But these disclaimers are not at all the same! The scientist’s—or the carpenter’s, for that matter—implicit disclaimer is: “This number is subject to this uncertainty interval, but there is a rigorous argument why it cannot be outside that range.” On the other hand, your disclaimer is: “This number was devised using an intuitive and arbitrary procedure that doesn’t provide any rigorous argument about the range it must be in.”
And if I may be permitted such a comment, I do see lots of instances here where people seem to forget about this disclaimer, and write as if they believed that they could actually become Bayesian inferers, rather than creatures who depend on capricious black-box circuits inside their heads to make any interesting judgment about anything, and who are (with the present level of technology) largely unable to examine the internal functioning of these boxes and improve them.
Here’s the way I do it: I think approximately in terms of the following “scale” of improbabilities:
I don’t think such usage is unreasonable, but I think it falls under what I call using numbers as vague figures of speech.
To give some sense of the problem, if such calibration were possible, then why not calibrate yourself to generate accurate probabilities about the stock market movements and bet on them? It would be an easy and foolproof way to get rich.
I think this statement reflects either an ignorance of finance or the Dark Arts.
First, the stock market is the single worst place to try to test out ideas about probabilities, because so many other people are already trying to predict the market, and so much wealth is at stake. Other people’s predictions will remove most of the potential for arbitrage (reducing ‘signal’), and the insider trading and other forms of cheating generated by the potential for quick wealth will further distort any scientifically detectable trends in the market (increasing ‘noise’). Because investments in the stock market must be made in relatively large quantities to avoid losing your money through trading commissions, a causal theory tester is likely to run out of money long before hitting a good payoff even if he or she is already well-calibrated.
Of course, in real life, people might be moderately-calibrated. The fact that one is capable of making some predictions with some accuracy and precision is not a guarantee that one will be able to reliably and detectably beat even a thin market like a political prediction clearinghouse. Nevertheless, some information is often better than none: I am (rationally) much more concerned about automobile accidents than fires, despite the fact that I know two people who have died in fires and none who have died in automobile accidents. I know this based on my inferences from published statistics, the reliability of which I make further inferences about. I am quite confident (p ~ .95) that it is sensible to drive defensively (at great cost in effort and time) while essentially ignoring fire safety (even though checking a fire extinguisher or smoke detector might take minimal effort.)
I don’t play the stock market, though. I’m not that well calibrated, and probably nobody is without access to inside info of one kind or another.

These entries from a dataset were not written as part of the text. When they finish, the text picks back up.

lemma full_rank_congruence_eq_0:
  fixes Y :: "real^'p^'n" and M :: "real^'p^'p"
  assumes "rank Y = CARD('p)" and "Y ** M ** transpose Y = 0"
  shows "M = 0"
proof -
  obtain L where L: "L ** Y = mat 1" using full_rank_left_inverse[OF assms(1)] .
  then have "transpose Y ** transpose L = mat 1"
    by (metis matrix_transpose_mul transpose_mat)
  then have "M = (L ** Y) ** M ** (transpose Y ** transpose L)"
    using L by simp
  then have "M = L ** (Y ** M ** transpose Y) ** transpose L"
    by (simp add: matrix_mul_assoc)
  then show ?thesis using assms(2) by (simp add: matrix_mul_assoc)
qed

section \<open>Spectral theorem for symmetric matrices\<close>

lemma eq_0_if_linear_le_quadratic:
  fixes a K :: real
  assumes le: "\<And>t. 2 * t * a \<le> t\<^sup>2 * K" and "0 \<le> a"
  shows "a = 0"
proof (rule ccontr)
  assume "a \<noteq> 0"
  with \<open>0 \<le> a\<close> have apos: "a > 0" by simp
  define t where "t = a / (\<bar>K\<bar> + 1)"
  have tpos: "t > 0" using apos by (simp add: t_def add_pos_nonneg)
  have "2 * a \<le> t * K" using le[of t] tpos by (simp add: power2_eq_square)
  also have "\<dots> \<le> t * \<bar>K\<bar>" using tpos by (simp add: mult_left_mono)
  also have "\<dots> = a * (\<bar>K\<bar> / (\<bar>K\<bar> + 1))" by (simp add: t_def)
  also have "\<dots> \<le> a * 1" using apos by (intro mult_left_mono) auto
  finally show False using apos by simp
qed

lemma symmetric_mat_rayleigh_maximizer_eigenvector:
  fixes S :: "real^'n^'n"
  assumes symS: "symmetric_mat S" and V: "subspace V" and inv: "\<And>x. x \<in> V \<Longrightarrow> S *v x \<in> V"
    and vV: "v \<in> V" and vv: "v \<bullet> v = 1"
    and max: "\<And>y. y \<in> V \<Longrightarrow> y \<bullet> (S *v y) \<le> (v \<bullet> (S *v v)) * (y \<bullet> y)"
  shows "S *v v = (v \<bullet> (S *v v)) *\<^sub>R v"
proof -
  define \<mu> where "\<mu> = v \<bullet> (S *v v)"
  define w where "w = S *v v - \<mu> *\<^sub>R v"
  define a where "a = w \<bullet> w"
  define c where "c = w \<bullet> (S *v w)"
  have wV: "w \<in> V" unfolding w_def by (intro subspace_diff subspace_scale V inv vV)
  have wv: "v \<bullet> w = 0" by (simp add: w_def inner_diff_right vv \<mu>_def)
  have wSv: "w \<bullet> (S *v v) = a"
    by (simp add: w_def a_def inner_diff_left inner_diff_right wv vv \<mu>_def inner_commute)
  have vSw: "v \<bullet> (S *v w) = a"
    using inner_symmetric_matrix_vector[OF symS, of v w] wSv by (simp add: inner_commute)
  \<comment> \<open>Maximality of the Rayleigh quotient at \<open>v\<close>, tested along \<open>v + t w\<close>.\<close>
  have quadratic: "2 * t * a \<le> t\<^sup>2 * (\<mu> * a - c)" for t
  proof -
    have "(v + t *\<^sub>R w) \<bullet> (S *v (v + t *\<^sub>R w)) \<le> \<mu> * ((v + t *\<^sub>R w) \<bullet> (v + t *\<^sub>R w))"
      using max[of "v + t *\<^sub>R w"] V vV wV by (simp add: \<mu>_def subspace_add subspace_scale)
    moreover have "(v + t *\<^sub>R w) \<bullet> (S *v (v + t *\<^sub>R w)) = \<mu> + 2 * t * a + t\<^sup>2 * c"
      using vSw wSv
      by (simp add: matrix_vector_right_distrib matrix_vector_mult_scaleR inner_add_left
          inner_add_right \<mu>_def c_def power2_eq_square algebra_simps)
    moreover have "(v + t *\<^sub>R w) \<bullet> (v + t *\<^sub>R w) = 1 + t\<^sup>2 * a"
      using wv vv
      by (simp add: inner_add_left inner_add_right a_def power2_eq_square inner_commute algebra_simps)
    ultimately have "\<mu> + 2 * t * a + t\<^sup>2 * c \<le> \<mu> * (1 + t\<^sup>2 * a)" by metis
    then show ?thesis by (simp add: algebra_simps)
  qed
  have "a = 0" using quadratic by (rule eq_0_if_linear_le_quadratic) (simp add: a_def)
  then show ?thesis by (simp add: a_def w_def \<mu>_def)
qed

lemma symmetric_mat_eigenvector_orthogonal:
  fixes S :: "real^'n^'n"
  assumes symS: "symmetric_mat S"
    and eigB: "\<And>b. b \<in> B \<Longrightarrow> \<exists>c. S *v b = c *\<^sub>R b"
    and dimB: "dim B < DIM(real^'n)"
  obtains v where "norm v = 1" "\<And>b. b \<in> B \<Longrightarrow> b \<bullet> v = 0" "S *v v = (v \<bullet> (S *v v)) *\<^sub>R v"
proof -
  define V where "V = {x. \<forall>b\<in>B. b \<bullet> x = 0}"
  have subV: "subspace V" unfolding V_def subspace_def by (auto simp: inner_add_right)
  have invV: "S *v x \<in> V" if "x \<in> V" for x
  proof -
    have "b \<bullet> (S *v x) = 0" if "b \<in> B" for b
    proof -
      obtain c where "S *v b = c *\<^sub>R b" using eigB[OF \<open>b \<in> B\<close>] by blast
      then show ?thesis
        using inner_symmetric_matrix_vector[OF symS, of b x] \<open>x \<in> V\<close> \<open>b \<in> B\<close>
        by (simp add: V_def)
    qed
    then show ?thesis by (simp add: V_def)
  qed
  define K where "K = sphere 0 1 \<inter> V"
  obtain x0 where x0: "x0 \<noteq> 0" "\<And>y. y \<in> span B \<Longrightarrow> orthogonal x0 y"
    using orthogonal_to_subspace_exists[OF dimB] by blast
  then have "x0 /\<^sub>R norm x0 \<in> K"
    using span_base[of _ B] by (auto simp: K_def V_def orthogonal_def inner_commute)
  then have Kne: "K \<noteq> {}" by blast
  have Kc: "compact K"
    unfolding K_def by (intro compact_Int_closed compact_sphere closed_subspace subV)
  have cont: "continuous_on K (\<lambda>x. x \<bullet> (S *v x))"
    by (intro continuous_intros linear_continuous_on matrix_vector_mul_bounded_linear)
  obtain v where vK: "v \<in> K" and vmax: "\<And>y. y \<in> K \<Longrightarrow> y \<bullet> (S *v y) \<le> v \<bullet> (S *v v)"
    using continuous_attains_sup[OF Kc Kne cont] by blast
  have vV: "v \<in> V" and nv: "norm v = 1" using vK by (auto simp: K_def)
  have bound: "y \<bullet> (S *v y) \<le> (v \<bullet> (S *v v)) * (y \<bullet> y)" if "y \<in> V" for y
  proof (cases "y = 0")
    case False
    have "y /\<^sub>R norm y \<in> K" using False \<open>y \<in> V\<close> subV by (auto simp: K_def subspace_scale)
    then have "(y /\<^sub>R norm y) \<bullet> (S *v (y /\<^sub>R norm y)) \<le> v \<bullet> (S *v v)" by (rule vmax)
    then show ?thesis
      using False by (simp add: matrix_vector_mult_scaleR dot_square_norm field_simps power2_eq_square)
  qed simp
  show ?thesis
  proof
    show "S *v v = (v \<bullet> (S *v v)) *\<^sub>R v"
      by (rule symmetric_mat_rayleigh_maximizer_eigenvector[OF symS subV invV vV _ bound])
        (use nv in \<open>simp_all add: dot_square_norm\<close>)
  qed (use nv vV V_def in auto)
qed

lemma orthonormal_expansion:
  fixes u :: "'i::finite \<Rightarrow> 'a::real_inner"
  assumes orth: "\<And>i j. u i \<bullet> u j = (if i = j then 1 else 0)"
    and span: "span (range u) = UNIV"
  shows "x = (\<Sum>i\<in>UNIV. (u i \<bullet> x) *\<^sub>R u i)"
proof -
  define z where "z = x - (\<Sum>i\<in>UNIV. (u i \<bullet> x) *\<^sub>R u i)"
  have "orthogonal z (u j)" for j
  proof -
    have "(\<Sum>i\<in>UNIV. (u i \<bullet> x) *\<^sub>R u i) \<bullet> u j = u j \<bullet> x"
      by (simp add: inner_sum_left orth if_distrib cong: if_cong)
    then show ?thesis
      unfolding orthogonal_def z_def inner_diff_left by (simp add: inner_commute[of x "u j"])
  qed
  then have "orthogonal z z" using orthogonal_to_span span by blast
  then show ?thesis by (simp add: z_def orthogonal_self)
qed

lemma symmetric_mat_spanning_orthonormal_eigenvectors:
  fixes S :: "real^'n^'n"
  assumes symS: "symmetric_mat S"
  obtains B where "\<forall>b\<in>B. norm b = 1" "pairwise orthogonal B"
    "\<forall>b\<in>B. S *v b = (b \<bullet> (S *v b)) *\<^sub>R b" "span B = UNIV"
proof -
  define P where "P B \<longleftrightarrow> (\<forall>b\<in>B. norm b = 1) \<and> pairwise orthogonal B \<and>
      (\<forall>b\<in>B. S *v b = (b \<bullet> (S *v b)) *\<^sub>R b)" for B :: "(real^'n) set"
  have indep: "independent B" if "P B" for B
    using that unfolding P_def by (intro pairwise_orthogonal_independent) auto
  have "P {}" by (simp add: P_def)
  then obtain B where PB: "P B" and Bmax: "\<And>B'. P B' \<Longrightarrow> card B' \<le> card B"
    using ex_has_greatest_nat[of P "{}" card "DIM(real^'n) + 1"]
      independent_bound[OF indep] by fastforce
  have finB: "finite B" using independent_bound[OF indep[OF PB]] by simp
  \<comment> \<open>A maximal orthonormal set of eigenvectors spans, since otherwise it could be extended.\<close>
  have "span B = UNIV"
  proof (rule ccontr)
    assume "span B \<noteq> UNIV"
    then have "dim B < DIM(real^'n)"
      using dim_eq_full dim_subset_UNIV[of B] by (metis le_neq_implies_less)
    moreover have "\<exists>c. S *v b = c *\<^sub>R b" if "b \<in> B" for b using PB that by (auto simp: P_def)
    ultimately obtain v where v: "norm v = 1" "\<And>b. b \<in> B \<Longrightarrow> b \<bullet> v = 0"
       "S *v v = (v \<bullet> (S *v v)) *\<^sub>R v"
      using symmetric_mat_eigenvector_orthogonal[OF symS] by metis
    have vB: "v \<notin> B" using v(1) v(2)[of v] by (auto simp: dot_square_norm)
    have "P (insert v B)" using PB v unfolding P_def pairwise_insert
      by (auto simp: orthogonal_def inner_commute)
    then have "card (insert v B) \<le> card B" by (rule Bmax)
    then show False using vB finB by simp
  qed
  then show ?thesis using that PB unfolding P_def by blast
qed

I think this statement reflects either an ignorance of finance or the Dark Arts.
I’m not an expert on finance, but I am aware of everything you wrote about it in your comment. So I guess this leaves us with the second option. The Dark Arts hypothesis is probably that I’m using the extreme example of the stock market to suggest a general sweeping conclusion that in fact doesn’t hold in less extreme cases.
To which I reply: yes, the stock market is an extreme example, but I honestly can’t think of any other examples that would show otherwise. There are many examples of scientific models that provide more or less accurate probability estimates for all kinds of things, to be sure, but I have yet to hear about people achieving practical success in anything relevant by translating their common-sense feelings of confidence in various beliefs into numerical probabilities.

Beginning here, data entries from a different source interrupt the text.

lemma low_H_pair_mem_bdry:
  assumes k: "3 \<le> k" "2 * k + 1 \<le> n" and i: "1 \<le> i" "i \<le> n div 2 - k + 1"
    and H: "H \<in> Fam (k - 2) (i + 2) (n - i - 2)"
  shows "{i} \<union> H \<union> {n - i - 1, n - i} \<in> bdry_facets (BS_facets k n (A_anti k n))"
proof -
  have k2: "2 \<le> k" "2 * k \<le> n" using k by auto
  have bnd: "2 * i + 2 * k \<le> n + 2" using index_bound[OF k2(2) i(2)] .
  have Hp: "finite H" "card H = 2 * (k - 2)" "\<forall>h\<in>H. i + 2 \<le> h \<and> h \<le> n - i - 2"
    using FamD[OF H] by auto
  define G where "G = {i} \<union> H \<union> {n - i - 1, n - i}"
  have Gr: "\<forall>z\<in>G. i \<le> z \<and> z \<le> n - i" using Hp(3) bnd k(1) unfolding G_def by auto
  have x0G: "Suc i \<notin> G" using Hp(3) bnd k(1) unfolding G_def by auto
  have "i \<notin> H" "n - i - 1 \<notin> H" "n - i \<notin> H" "i < n - i - 1" using Hp(3) bnd k(1) by fastforce+
  then have cardG: "card G + 1 = 2 * k" using Hp(1,2) k(1) unfolding G_def by simp
  have "{i, i + 1} \<union> H \<union> {n - i - 1, n - i - 1 + 1} \<in> BS_facets k n (A_anti k n)"
    using bnd k by (intro two_pairs_mem_BS_facets[OF k2 i H]) auto
  moreover have "{i, i + 1} \<union> H \<union> {n - i - 1, n - i - 1 + 1} = insert (Suc i) G"
    using bnd k(1) unfolding G_def by auto
  ultimately have BS: "insert (Suc i) G \<in> BS_facets k n (A_anti k n)" by simp
  show ?thesis unfolding G_def[symmetric]
  proof (rule mem_bdry_facets_BS_facetsI[OF _ cardG BS x0G])
    show "finite G" using Hp(1) unfolding G_def by simp
    fix x assume x: "x \<notin> G" and F: "insert x G \<in> BS_facets k n (A_anti k n)"
    then have Fp: "paired (insert x G)" "insert x G \<subseteq> {1..n}"
      using FamD[OF Fam_of_mem_BS_facets] by blast+
    show "x = Suc i"
    proof (cases "i < x")
      case True
      then have "Suc i \<in> insert x G" using paired_Suc_Min[OF Fp(1), of i] Gr unfolding G_def by auto
      then show ?thesis using x0G by simp
    next
      case False
      then have "x < i" using x unfolding G_def by (cases "x = i") auto
      moreover have "2 \<le> i" using calculation Fp(2) by auto
      moreover have "insert x G \<subseteq> {..n - i}" using Gr \<open>x < i\<close> bnd k(1) by auto
      ultimately show ?thesis using not_mem_BS_facets_A_shifted[OF k2 F _ i(2), of x] by blast
    qed
  qed
qed

lemma middle_H_mem_bdry:
  assumes k: "3 \<le> k" "2 * k + 1 \<le> n"
    and H: "H \<in> Fam (k - 1) (n div 2 - k + 3) ((n + 1) div 2 + k)"
  shows "{n div 2 - k + 2} \<union> H \<in> bdry_facets (BS_facets k n (A_anti k n))"
proof -
  have k2: "2 \<le> k" "2 * k \<le> n" using k by auto
  define m where "m = n div 2 - k + 1"
  have m: "1 \<le> m" "n div 2 - k + 2 = Suc m" "n div 2 - k + 3 = Suc m + 1" "(n + 1) div 2 + k \<le> n - m + 1"
    "n - m + 1 \<le> n" "Suc m \<le> n - m"
    using k unfolding m_def by auto
  have Hp: "finite H" "card H = 2 * (k - 1)" "\<forall>h\<in>H. Suc m + 1 \<le> h \<and> h \<le> n - m + 1"
    using FamD[OF H] m(3,4) by auto
  define G where "G = insert (Suc m) H"
  have Gr: "\<forall>z\<in>G. Suc m \<le> z" using Hp(3) unfolding G_def by auto
  have x0G: "m \<notin> G" using Gr by fastforce
  have "Suc m \<notin> H" using Hp(3) by fastforce
  then have cardG: "card G + 1 = 2 * k" using Hp(1,2) k(1) unfolding G_def by simp
  have "{m, Suc m} \<union> H \<in> Fam (Suc (k - 1)) m ((n + 1) div 2 + k)"
    using Fam_pair_Un[OF H] m(3) by simp
  then have X0: "insert m G \<in> Fam k 1 n" unfolding G_def using m(1,4,5) k(1)
    by (auto elim: Fam_mono simp: Suc_diff_Suc numeral_2_eq_2)
  have BS: "insert m G \<in> BS_facets k n (A_anti k n)"
  proof (rule mem_BS_facets_AI[OF k2 X0 m(1)])
    show "insert m G \<subseteq> {..n - m + 1}" using Hp(3) m(6) unfolding G_def by auto
  qed (use Gr in \<open>auto simp: m_def\<close>)
  show ?thesis unfolding m(2) G_def[symmetric] Un_insert_left Un_empty_left
  proof (rule mem_bdry_facets_BS_facetsI[OF _ cardG BS x0G])
    show "finite G" using Hp(1) unfolding G_def by simp
    fix x assume x: "x \<notin> G" and F: "insert x G \<in> BS_facets k n (A_anti k n)"
    then have Fp: "paired (insert x G)" using FamD[OF Fam_of_mem_BS_facets] by blast
    show "x = m"
    proof (cases "Suc m < x")
      case True
      then have "\<forall>z\<in>insert x G. Suc m \<le> z" using Gr by auto
      then show ?thesis using mem_BS_facets_A_bounds[OF k2 F, of "Suc m" x] unfolding m_def by simp
    next
      case False
      then have "x < Suc m" using x unfolding G_def by (cases "x = Suc m") auto
      then show ?thesis using paired_insert_below_eq[OF Fp _ Gr] by simp
    qed
  qed
qed

theorem mainTheorem3:
  fixes k n :: nat
  assumes "k \<ge> 3" and "n \<ge> 2*k + 1"
  defines "D \<equiv> bdry_facets (BS_facets k n (A_anti k n))"
  shows "(\<forall>i H. 1 \<le> i \<and> i \<le> n div 2 - k + 1 \<and> H \<in> Fam (k-2) (i+2) (n-i)
            \<longrightarrow> {i, i+1} \<union> H \<union> {n-i+1} \<in> D)
       \<and> (\<forall>i H. 1 \<le> i \<and> i \<le> n div 2 - k + 1 \<and> H \<in> Fam (k-2) (i+2) (n-i-2)
            \<longrightarrow> {i, i+1} \<union> H \<union> {n-i-1} \<in> D)
       \<and> (\<forall>i H. 1 \<le> i \<and> i \<le> n div 2 - k + 1 \<and> H \<in> Fam (k-2) (i+2) (n-i-1)
            \<longrightarrow> {i+1} \<union> H \<union> {n-i, n-i+1} \<in> D)
       \<and> (\<forall>i H. 1 \<le> i \<and> i \<le> n div 2 - k + 1 \<and> H \<in> Fam (k-2) (i+2) (n-i-2)
            \<longrightarrow> {i} \<union> H \<union> {n-i-1, n-i} \<in> D)
       \<and> (\<forall>H. H \<in> Fam (k-2) 2 (n-2) \<longrightarrow> {1} \<union> H \<union> {n-1, n} \<in> D)
       \<and> (\<forall>H. H \<in> Fam (k-1) (n div 2 - k + 3) ((n+1) div 2 + k)
            \<longrightarrow> {n div 2 - k + 2} \<union> H \<in> D)"
  using pair_H_top_mem_bdry[OF assms(1,2)] pair_H_below_top_mem_bdry[OF assms(1,2)]
    succ_H_top_pair_mem_bdry[OF assms(1,2)] low_H_pair_mem_bdry[OF assms(1,2)]
    one_H_end_pair_mem_bdry[OF assms(1,2)] middle_H_mem_bdry[OF assms(1,2)]
  unfolding D_def by blast

end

In my view, calibration of probability estimates can succeed only if (1) you come up with a valid scientific model which you can then use in a shut-up-and-calculate way instead of applying common sense (though you still need it to determine whether the model is applicable in the first place), or (2) you make an essentially identical judgment many times, and from your past performance you extrapolate how frequently the black box inside your head tends to be right.
Now, you try to provide some counterexamples:
I am (rationally) much more concerned about automobile accidents than fires, despite the fact that I know two people who have died in fires and none who have died in automobile accidents. I know this based on my inferences from published statistics, the reliability of which I make further inferences about. I am quite confident (p ~ .95) that it is sensible to drive defensively (at great cost in effort and time) while essentially ignoring fire safety (even though checking a fire extinguisher or smoke detector might take minimal effort.)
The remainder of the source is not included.